The film starred Phyllis Gordon as Watuma, Clarence Burton as Ezra Vance, Marie Walcamp as a young Kee-On-Ee, Lule Warrenton as Kee-On-Ee and William Clifford as Jack Ford.

==Release and reception==
It was released on December 13, 1913. As of 2020, The Werewolf is a lost film as it was destroyed in a 1924 fire at Universal Studios.

From contemporary reviews, Moving Picture World found that "to those who care for much shooting and massacre, the picture will have appeal." while Motion Picture News declared the film to be "absolutely the most asinine affair ever produced [...] If this were a fairy story, it would be laughed at."

==Legacy==
The film was one of the first films involving lycanthropy made in Canada.
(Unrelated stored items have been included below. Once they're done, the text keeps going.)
(* Let $\mathcal{C}$ be a $\beta$-avoiding simplicial complex. Then its Alexander dual $\mathcal{C}^*$ is also $\beta$-avoiding.
   Context: A simplicial complex on a finite ground set $V$ is a family of subsets of $V$ closed under subsets; isomorphism means a bijection of ground sets carrying faces onto faces. The Alexander dual is $\mathcal{C}^*=\{S\subseteq V: V\setminus S\notin\mathcal{C}\}$. For $S\subseteq V$, $\mathcal{C}\setminus S$ is the induced subcomplex $\{F\in\mathcal{C}:F\cap S=\emptyset\}$ on $V\setminus S$; for a face $R$, $\operatorname{link}_R(\mathcal{C})=\{F\setminus R: R\subseteq F\in\mathcal{C}\}$ on $V\setminus R$. A minor of $\mathcal{C}$ is $\operatorname{link}_R(\mathcal{C}\setminus S)$ with $S\cap R=\emptyset$ and $R$ a face of $\mathcal{C}$. $\mathcal{C}$ is $\beta$-avoiding if no minor is isomorphic to any of: $P_4$ (on $\{1,2,3,4\}$, facets $12,23,34$); $O_6$ (on $\{1,\dots,6\}$, faces the subsets containing none of $\{1,2\},\{3,4\},\{5,6\}$) or $O_6^*$; $J_1$ (on $\{1,\dots,5\}$, facets $12,15,234,345$) or $J_1^*$ (facets $134,235,245$); $J_2$ (on $\{1,\dots,5\}$, facets $12,235,34,145$); $\partial\Delta_n\sqcup\{v\}$ for $n\ge1$ (all proper subsets of an $(n+1)$-set, together with one extra isolated vertex $v$). *)

theory Defs
  imports Main
begin

definition simplicial_complex :: "'a set \<Rightarrow> 'a set set \<Rightarrow> bool" where
  "simplicial_complex V C \<longleftrightarrow> finite V \<and> (\<forall>F\<in>C. F \<subseteq> V) \<and>
     (\<forall>F\<in>C. \<forall>G. G \<subseteq> F \<longrightarrow> G \<in> C)"

definition cx_iso :: "'a set \<Rightarrow> 'a set set \<Rightarrow> 'b set \<Rightarrow> 'b set set \<Rightarrow> bool" where
  "cx_iso V C W D \<longleftrightarrow> (\<exists>f. bij_betw f V W \<and> (\<forall>F. F \<subseteq> V \<longrightarrow> (F \<in> C \<longleftrightarrow> f ` F \<in> D)))"

definition alex_dual :: "'a set \<Rightarrow> 'a set set \<Rightarrow> 'a set set" where
  "alex_dual V C = {S. S \<subseteq> V \<and> V - S \<notin> C}"

text \<open>Induced subcomplex C \ S (on ground set V - S) and link (on ground set V - R).\<close>
definition del_faces :: "'a set set \<Rightarrow> 'a set \<Rightarrow> 'a set set" where
  "del_faces C S = {F \<in> C. F \<inter> S = {}}"

definition link_faces :: "'a set set \<Rightarrow> 'a set \<Rightarrow> 'a set set" where
  "link_faces C R = {F - R | F. F \<in> C \<and> R \<subseteq> F}"

text \<open>Faces of the minor link_R(C \ S); its ground set is V - S - R.\<close>
definition minor_faces :: "'a set set \<Rightarrow> 'a set \<Rightarrow> 'a set \<Rightarrow> 'a set set" where
  "minor_faces C S R = link_faces (del_faces C S) R"

definition gen_cx :: "nat set \<Rightarrow> nat set set \<Rightarrow> nat set set" where
  "gen_cx V Fs = {F. F \<subseteq> V \<and> (\<exists>G\<in>Fs. F \<subseteq> G)}"

definition P4 :: "nat set set" where
  "P4 = gen_cx {1..4} {{1,2},{2,3},{3,4}}"

definition O6 :: "nat set set" where
  "O6 = {F. F \<subseteq> {1..6} \<and> \<not> {1,2} \<subseteq> F \<and> \<not> {3,4} \<subseteq> F \<and> \<not> {5,6} \<subseteq> F}"

definition O6_dual :: "nat set set" where
  "O6_dual = alex_dual {1..6} O6"

definition J1 :: "nat set set" where
  "J1 = gen_cx {1..5} {{1,2},{1,5},{2,3,4},{3,4,5}}"

definition J1_dual :: "nat set set" where
  "J1_dual = gen_cx {1..5} {{1,3,4},{2,3,5},{2,4,5}}"

definition J2 :: "nat set set" where
  "J2 = gen_cx {1..5} {{1,2},{2,3,5},{3,4},{1,4,5}}"

definition bdry_plus_pt :: "nat \<Rightarrow> nat set set" where
  "bdry_plus_pt n = {F. F \<subset> {0..n}} \<union> {{n+1}}"

definition is_forbidden :: "'a set \<Rightarrow> 'a set set \<Rightarrow> bool" where
  "is_forbidden W D \<longleftrightarrow>
     cx_iso W D {1..4} P4 \<or> cx_iso W D {1..6} O6 \<or> cx_iso W D {1..6} O6_dual \<or>
     cx_iso W D {1..5} J1 \<or> cx_iso W D {1..5} J1_dual \<or> cx_iso W D {1..5} J2 \<or>
     (\<exists>n\<ge>1. cx_iso W D {0..n+1} (bdry_plus_pt n))"

definition beta_avoiding :: "'a set \<Rightarrow> 'a set set \<Rightarrow> bool" where
  "beta_avoiding V C \<longleftrightarrow>
     (\<forall>S R. S \<subseteq> V \<and> R \<in> C \<and> S \<inter> R = {} \<longrightarrow>
        \<not> is_forbidden (V - S - R) (minor_faces C S R))"

end

theory Submission
  imports Defs
begin

text \<open>Let R be a face of the dual and S disjoint from R, and put W = V - S - R.
A set G \<subseteq> W is a face of the minor of the dual exactly when (W - G) \<union> S is not a face
of C. If S is not a face of C this holds for every G, so the minor is a full simplex,
which is never forbidden. If S is a face, the minor is the Alexander dual on W of the
minor link_S(C \ R) of C. The forbidden list is closed under duality up to
isomorphism, so a forbidden minor of the dual yields a forbidden minor of C.\<close>

lemma cx_iso_trans:
  assumes "cx_iso W D X E" and "cx_iso X E Y G"
  shows "cx_iso W D Y G"
proof -
  obtain f where f: "bij_betw f W X" "\<forall>F. F \<subseteq> W \<longrightarrow> (F \<in> D \<longleftrightarrow> f ` F \<in> E)"
    using assms(1) unfolding cx_iso_def by blast
  obtain g where g: "bij_betw g X Y" "\<forall>F. F \<subseteq> X \<longrightarrow> (F \<in> E \<longleftrightarrow> g ` F \<in> G)"
    using assms(2) unfolding cx_iso_def by blast
  have "F \<in> D \<longleftrightarrow> (g \<circ> f) ` F \<in> G" if "F \<subseteq> W" for F
  proof -
    have "f ` F \<subseteq> X" using that f(1) bij_betw_imp_surj_on by blast
    then show ?thesis using f(2) g(2) that by (simp add: image_comp)
  qed
  then show ?thesis
    using bij_betw_trans[OF f(1) g(1)] unfolding cx_iso_def by blast
qed

lemma cx_iso_alex_dual:
  assumes "cx_iso W D X E"
  shows "cx_iso W (alex_dual W D) X (alex_dual X E)"
proof -
  obtain f where f: "bij_betw f W X" "\<forall>F. F \<subseteq> W \<longrightarrow> (F \<in> D \<longleftrightarrow> f ` F \<in> E)"
    using assms unfolding cx_iso_def by blast
  have "F \<in> alex_dual W D \<longleftrightarrow> f ` F \<in> alex_dual X E" if F: "F \<subseteq> W" for F
  proof -
    have inj: "inj_on f W" and im: "f ` W = X" using f(1) by (auto simp: bij_betw_def)
    then have "f ` (W - F) = X - f ` F" using F by (metis Diff_subset inj_on_image_set_diff)
    moreover have "W - F \<in> D \<longleftrightarrow> f ` (W - F) \<in> E" using f(2) by blast
    ultimately show ?thesis using F im unfolding alex_dual_def by auto
  qed
  then show ?thesis using f(1) unfolding cx_iso_def by blast
qed

lemma alex_dual_alex_dual: "D \<subseteq> Pow W \<Longrightarrow> alex_dual W (alex_dual W D) = D"
  unfolding alex_dual_def by (auto simp: double_diff)

lemma cx_iso_alex_dualD:
  assumes "D \<subseteq> Pow W" and "cx_iso W (alex_dual W D) X E"
  shows "cx_iso W D X (alex_dual X E)"
  using cx_iso_alex_dual[OF assms(2)] alex_dual_alex_dual[OF assms(1)] by simp

lemma cx_iso_gen_cx:
  assumes f: "bij_betw f X X" and Fs: "Fs \<subseteq> Pow X"
  shows "cx_iso X (gen_cx X Fs) X (gen_cx X ((`) f ` Fs))"
proof -
  have inj: "inj_on f X" and im: "f ` X = X" using f by (auto simp: bij_betw_def)
  have "F \<in> gen_cx X Fs \<longleftrightarrow> f ` F \<in> gen_cx X ((`) f ` Fs)" if F: "F \<subseteq> X" for F
  proof -
    have "f ` F \<subseteq> f ` G \<longleftrightarrow> F \<subseteq> G" if "G \<in> Fs" for G
    proof
      assume sub: "f ` F \<subseteq> f ` G"
      have "G \<subseteq> X" using that Fs by blast
      then show "F \<subseteq> G" using sub F inj_on_image_mem_iff[OF inj] by blast
    qed (rule image_mono)
    moreover have "f ` F \<subseteq> X" using F im by blast
    ultimately show ?thesis using F unfolding gen_cx_def by auto
  qed
  then show ?thesis using f unfolding cx_iso_def by blast
qed

lemma cx_iso_Pow_imp_mem: "cx_iso W (Pow W) X E \<Longrightarrow> X \<in> E"
  unfolding cx_iso_def bij_betw_def by blast

lemma atLeastAtMost_1_4: "{1..4::nat} = {1,2,3,4}" by auto
lemma atLeastAtMost_1_5: "{1..5::nat} = {1,2,3,4,5}" by auto

lemma alex_dual_P4_iso: "cx_iso {1..4} (alex_dual {1..4} P4) {1..4} P4"
proof -
  let ?swap = "id(2 := 3, 3 := 2) :: nat \<Rightarrow> nat"
  have "\<forall>F\<in>Pow {1,2,3,4}. F \<in> alex_dual {1,2,3,4} P4 \<longleftrightarrow> F \<in> gen_cx {1,2,3,4} {{1,3},{2,3},{2,4}}"
    unfolding alex_dual_def P4_def gen_cx_def atLeastAtMost_1_4
    by (simp add: Pow_insert insert_Diff_if)
  then have "alex_dual {1..4} P4 = gen_cx {1..4} {{1,3},{2,3},{2,4}}"
    unfolding atLeastAtMost_1_4 alex_dual_def gen_cx_def by blast
  moreover have "bij_betw ?swap {1..4} {1..4}"
    unfolding bij_betw_def inj_on_def atLeastAtMost_1_4 by auto
  moreover have "(`) ?swap ` {{1,3},{2,3},{2,4}} = {{1,2},{2,3},{3,4}}" by auto
  ultimately show ?thesis
    using cx_iso_gen_cx[of ?swap "{1..4}" "{{1,3},{2,3},{2,4}}"]
    unfolding P4_def by (auto simp: atLeastAtMost_1_4)
qed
Craig Ian Mann wrote that The Werewolf was the first known werewolf film on record. In the early film cycle, at least two other films followed involving lycanthropy, including The Legend of the Phantom Tribe (1914), which was also written by Baldwin, directed by MacRae, and starring Clifford for 101 Bison. The other was The White Wolf (1914), which also involved an "Indian" theme with someone's spirit embodied within a wolf. The last known copy of the film was destroyed by a fire in 1924.